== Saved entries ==
(* Let $(T,\sigma)$ be a confluent temperature-1 TAS with maximal producible assembly $\alpha_{\max}$, and let $x\in\mathrm{Dom}(\alpha_{\max})$. Let $p$ be a finite free path such that there is an assembly (not necessarily producible) whose binding graph contains the path $x.p$ and which places the tile $\alpha_{\max}(x)$ at $x$. If $\mathrm{Dom}(x.p)\subseteq \mathrm{NC}(x)$, then the path $x.p$ is a subgraph of the binding graph of $\alpha_{\max}$.
   Context: Directions $D=\{E=(1,0),N=(0,1),S=(0,-1),W=(-1,0)\}$; $\mathbb Z^2$ is the grid graph; a free path is a word over $D$ whose associated walk is simple; $A.m$ is the path starting at $A$ following $m$; $\vec m$ is the displacement (sum of letters) of finite $m$. A tile type is a map $t:D\to\Sigma$ ($\Sigma$ a finite glue set), $t_d$ its glue on side $d$. A temperature-1 TAS is $(T,\sigma)$, $T$ finite set of tile types, $\sigma$ the seed tile type. An assembly is a partial map $\alpha:\mathbb Z^2\to T\cup\{\sigma\}$; its binding graph has vertices $\mathrm{Dom}(\alpha)$ and an edge $\{v,v+d\}$ iff $\alpha(v)_d=\alpha(v+d)_{-d}$; it is stable if the binding graph is connected, producible if stable and $\alpha((0,0))=\sigma$. The TAS is confluent if any two producible assemblies agree on their common domain; then there is a unique producible assembly $\alpha_{\max}$ whose domain contains the domain of every producible assembly. Non-causal set: for $x\in\mathbb Z^2$, $\mathrm{NC}(x)=\{y\in\mathbb Z^2: \exists$ a finite free path $m$ with $(0,0).m$ a subgraph of the binding graph of $\alpha_{\max}$, $(0,0)+\vec m=x$ and $y\notin \mathrm{Dom}((0,0).m)\}\cup\{x\}$. *)

theory Defs
  imports Main
begin

datatype dir = E | N | S | W

fun vec :: "dir \<Rightarrow> int \<times> int" where
  "vec E = (1, 0)" | "vec N = (0, 1)" | "vec S = (0, -1)" | "vec W = (-1, 0)"

fun opp :: "dir \<Rightarrow> dir" where
  "opp E = W" | "opp W = E" | "opp N = S" | "opp S = N"

definition padd :: "int \<times> int \<Rightarrow> int \<times> int \<Rightarrow> int \<times> int" where
  "padd u v = (fst u + fst v, snd u + snd v)"

definition disp :: "dir list \<Rightarrow> int \<times> int" where
  "disp m = foldr (\<lambda>d v. padd (vec d) v) m (0, 0)"

text \<open>The vertices of the walk A.m, in order: A, A + m_1, A + m_1 + m_2, ...\<close>
definition positions :: "int \<times> int \<Rightarrow> dir list \<Rightarrow> (int \<times> int) list" where
  "positions A m = map (\<lambda>i. padd A (disp (take i m))) [0..<Suc (length m)]"

definition free_path :: "dir list \<Rightarrow> bool" where
  "free_path m \<longleftrightarrow> distinct (positions (0, 0) m)"

text \<open>Tile types (glue on each side) and assemblies (partial maps).\<close>
type_synonym 'g tile = "dir \<Rightarrow> 'g"
type_synonym 'g assembly = "int \<times> int \<Rightarrow> 'g tile option"

definition binds :: "'g assembly \<Rightarrow> int \<times> int \<Rightarrow> dir \<Rightarrow> bool" where
  "binds \<alpha> v d \<longleftrightarrow> (\<exists>a b. \<alpha> v = Some a \<and> \<alpha> (padd v (vec d)) = Some b \<and> a d = b (opp d))"

definition bind_rel :: "'g assembly \<Rightarrow> ((int \<times> int) \<times> (int \<times> int)) set" where
  "bind_rel \<alpha> = {(v, padd v (vec d)) | v d. binds \<alpha> v d}"

definition path_in :: "'g assembly \<Rightarrow> int \<times> int \<Rightarrow> dir list \<Rightarrow> bool" where
  "path_in \<alpha> A m \<longleftrightarrow> set (positions A m) \<subseteq> dom \<alpha> \<and>
     (\<forall>i < length m. binds \<alpha> (positions A m ! i) (m ! i))"

definition is_assembly :: "'g tile set \<Rightarrow> 'g tile \<Rightarrow> 'g assembly \<Rightarrow> bool" where
  "is_assembly T \<sigma> \<alpha> \<longleftrightarrow> ran \<alpha> \<subseteq> insert \<sigma> T"

definition stable :: "'g assembly \<Rightarrow> bool" where
  "stable \<alpha> \<longleftrightarrow> (\<forall>u \<in> dom \<alpha>. \<forall>v \<in> dom \<alpha>. (u, v) \<in> (bind_rel \<alpha>)\<^sup>*)"

definition producible :: "'g tile set \<Rightarrow> 'g tile \<Rightarrow> 'g assembly \<Rightarrow> bool" where
  "producible T \<sigma> \<alpha> \<longleftrightarrow> is_assembly T \<sigma> \<alpha> \<and> stable \<alpha> \<and> \<alpha> (0, 0) = Some \<sigma>"

definition confluent :: "'g tile set \<Rightarrow> 'g tile \<Rightarrow> bool" where
  "confluent T \<sigma> \<longleftrightarrow> (\<forall>\<alpha> \<beta>. producible T \<sigma> \<alpha> \<and> producible T \<sigma> \<beta> \<longrightarrow>
      (\<forall>v \<in> dom \<alpha> \<inter> dom \<beta>. \<alpha> v = \<beta> v))"

definition is_max_producible :: "'g tile set \<Rightarrow> 'g tile \<Rightarrow> 'g assembly \<Rightarrow> bool" where
  "is_max_producible T \<sigma> \<alpha> \<longleftrightarrow> producible T \<sigma> \<alpha> \<and>
     (\<forall>\<beta>. producible T \<sigma> \<beta> \<longrightarrow> dom \<beta> \<subseteq> dom \<alpha>)"

definition NC :: "'g assembly \<Rightarrow> int \<times> int \<Rightarrow> (int \<times> int) set" where
  "NC \<alpha>max x = {y. \<exists>m. free_path m \<and> path_in \<alpha>max (0, 0) m \<and> padd (0, 0) (disp m) = x
       \<and> y \<notin> set (positions (0, 0) m)} \<union> {x}"

end

theory Submission
  imports Defs
begin

text \<open>
  Induction along \<open>x.p\<close>: suppose \<open>\<alpha>max\<close> and the assembly \<open>\<beta>\<close> carrying \<open>x.p\<close> agree on the
  first \<open>k\<close> vertices of \<open>x.p\<close>, and let \<open>y\<close> be the next one. As \<open>y \<in> NC(x)\<close> and \<open>y \<noteq> x\<close>,
  some path \<open>m\<close> of \<open>\<alpha>max\<close> from the seed to \<open>x\<close> avoids \<open>y\<close>. The assembly that copies
  \<open>\<alpha>max\<close> on \<open>m\<close> and on the first \<open>k\<close> vertices and places \<open>\<beta> y\<close> at \<open>y\<close> is connected via
  \<open>m\<close> followed by \<open>x.p\<close>, hence producible; confluence and maximality force \<open>\<alpha>max y = \<beta> y\<close>.
\<close>

lemma padd_0_left [simp]: "padd (0, 0) v = v"
  by (simp add: padd_def)

lemma padd_assoc: "padd (padd u v) w = padd u (padd v w)"
  by (simp add: padd_def)

lemma disp_append: "disp (xs @ ys) = padd (disp xs) (disp ys)"
  by (induction xs) (auto simp: disp_def padd_def)

lemma disp_snoc: "disp (q @ [d]) = padd (disp q) (vec d)"
  by (simp add: disp_append) (simp add: disp_def padd_def)

lemma positions_snoc:
  "positions A (q @ [d]) = positions A q @ [padd (padd A (disp q)) (vec d)]"
  by (simp add: positions_def disp_snoc padd_assoc)

lemma positions_take: "positions A (take k m) = take (Suc k) (positions A m)"
  by (simp add: positions_def take_map min_def)

lemma length_positions [simp]: "length (positions A m) = Suc (length m)"
  by (simp add: positions_def)

lemma positions_Nil [simp]: "positions A [] = [A]"
  by (simp add: positions_def disp_def padd_def)

lemma positions_nth:
  "j \<le> length m \<Longrightarrow> positions A m ! j = padd A (disp (take j m))"
  by (simp add: positions_def less_Suc_eq_le del: upt_Suc)

lemma positions_Suc_nth:
  "i < length m \<Longrightarrow> positions A m ! Suc i = padd (positions A m ! i) (vec (m ! i))"
  by (simp add: positions_nth take_Suc_conv_app_nth disp_snoc padd_assoc)

lemma start_in_positions: "A \<in> set (positions A m)"
  using nth_mem[of 0 "positions A m"] positions_nth[of 0 m A] by (simp add: disp_def padd_def)

lemma end_in_positions: "padd A (disp m) \<in> set (positions A m)"
  by (simp add: positions_def)

lemma distinct_positions: "free_path p \<Longrightarrow> distinct (positions x p)"
proof -
  assume "free_path p"
  have "positions x p = map (padd x) (positions (0, 0) p)"
    by (simp add: positions_def padd_def)
  moreover have "inj (padd x)"
    by (auto simp: inj_on_def padd_def)
  ultimately show ?thesis
    using \<open>free_path p\<close> by (simp add: free_path_def distinct_map inj_on_subset[of _ UNIV])
qed

lemma binds_cong:
  "\<delta> v = \<alpha> v \<Longrightarrow> \<delta> (padd v (vec d)) = \<alpha> (padd v (vec d)) \<Longrightarrow> binds \<alpha> v d \<Longrightarrow> binds \<delta> v d"
  by (simp add: binds_def)

lemma binds_dom: "binds \<alpha> v d \<Longrightarrow> v \<in> dom \<alpha> \<and> padd v (vec d) \<in> dom \<alpha>"
  by (auto simp: binds_def)

lemma sym_bind_rel: "sym (bind_rel \<alpha>)"
proof (rule symI)
  fix u w assume "(u, w) \<in> bind_rel \<alpha>"
  then obtain d where d: "w = padd u (vec d)" "binds \<alpha> u d"
    by (auto simp: bind_rel_def)
  have undo: "padd (padd u (vec d)) (vec (opp d)) = u" and "opp (opp d) = d"
    by (cases d; simp add: padd_def)+
  then have "binds \<alpha> w (opp d)"
    using d by (auto simp: binds_def)
  then show "(w, u) \<in> bind_rel \<alpha>"
    unfolding bind_rel_def using undo d(1) by force
qed

lemma path_in_snoc:
  "path_in \<alpha> A (q @ [d]) \<longleftrightarrow> path_in \<alpha> A q \<and> binds \<alpha> (padd A (disp q)) d"
  by (auto simp: path_in_def positions_snoc nth_append less_Suc_eq positions_nth
      dest: binds_dom)

lemma path_in_prefix: "path_in \<alpha> A (q @ r) \<Longrightarrow> path_in \<alpha> A q"
  by (induction r rule: rev_induct) (simp_all add: path_in_snoc flip: append_assoc)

== TASK STATEMENT ==
Of the entries listed above, reproduce only the lines starting at the line containing "imports Defs" and ending at the line containing "by (simp add: positions_nth". Include both, exactly as they stand.

== FINISHED TASK ==
  imports Defs
begin

text \<open>
  Induction along \<open>x.p\<close>: suppose \<open>\<alpha>max\<close> and the assembly \<open>\<beta>\<close> carrying \<open>x.p\<close> agree on the
  first \<open>k\<close> vertices of \<open>x.p\<close>, and let \<open>y\<close> be the next one. As \<open>y \<in> NC(x)\<close> and \<open>y \<noteq> x\<close>,
  some path \<open>m\<close> of \<open>\<alpha>max\<close> from the seed to \<open>x\<close> avoids \<open>y\<close>. The assembly that copies
  \<open>\<alpha>max\<close> on \<open>m\<close> and on the first \<open>k\<close> vertices and places \<open>\<beta> y\<close> at \<open>y\<close> is connected via
  \<open>m\<close> followed by \<open>x.p\<close>, hence producible; confluence and maximality force \<open>\<alpha>max y = \<beta> y\<close>.
\<close>

lemma padd_0_left [simp]: "padd (0, 0) v = v"
  by (simp add: padd_def)

lemma padd_assoc: "padd (padd u v) w = padd u (padd v w)"
  by (simp add: padd_def)

lemma disp_append: "disp (xs @ ys) = padd (disp xs) (disp ys)"
  by (induction xs) (auto simp: disp_def padd_def)

lemma disp_snoc: "disp (q @ [d]) = padd (disp q) (vec d)"
  by (simp add: disp_append) (simp add: disp_def padd_def)

lemma positions_snoc:
  "positions A (q @ [d]) = positions A q @ [padd (padd A (disp q)) (vec d)]"
  by (simp add: positions_def disp_snoc padd_assoc)

lemma positions_take: "positions A (take k m) = take (Suc k) (positions A m)"
  by (simp add: positions_def take_map min_def)

lemma length_positions [simp]: "length (positions A m) = Suc (length m)"
  by (simp add: positions_def)

lemma positions_Nil [simp]: "positions A [] = [A]"
  by (simp add: positions_def disp_def padd_def)

lemma positions_nth:
  "j \<le> length m \<Longrightarrow> positions A m ! j = padd A (disp (take j m))"
  by (simp add: positions_def less_Suc_eq_le del: upt_Suc)

lemma positions_Suc_nth:
  "i < length m \<Longrightarrow> positions A m ! Suc i = padd (positions A m ! i) (vec (m ! i))"
  by (simp add: positions_nth take_Suc_conv_app_nth disp_snoc padd_assoc)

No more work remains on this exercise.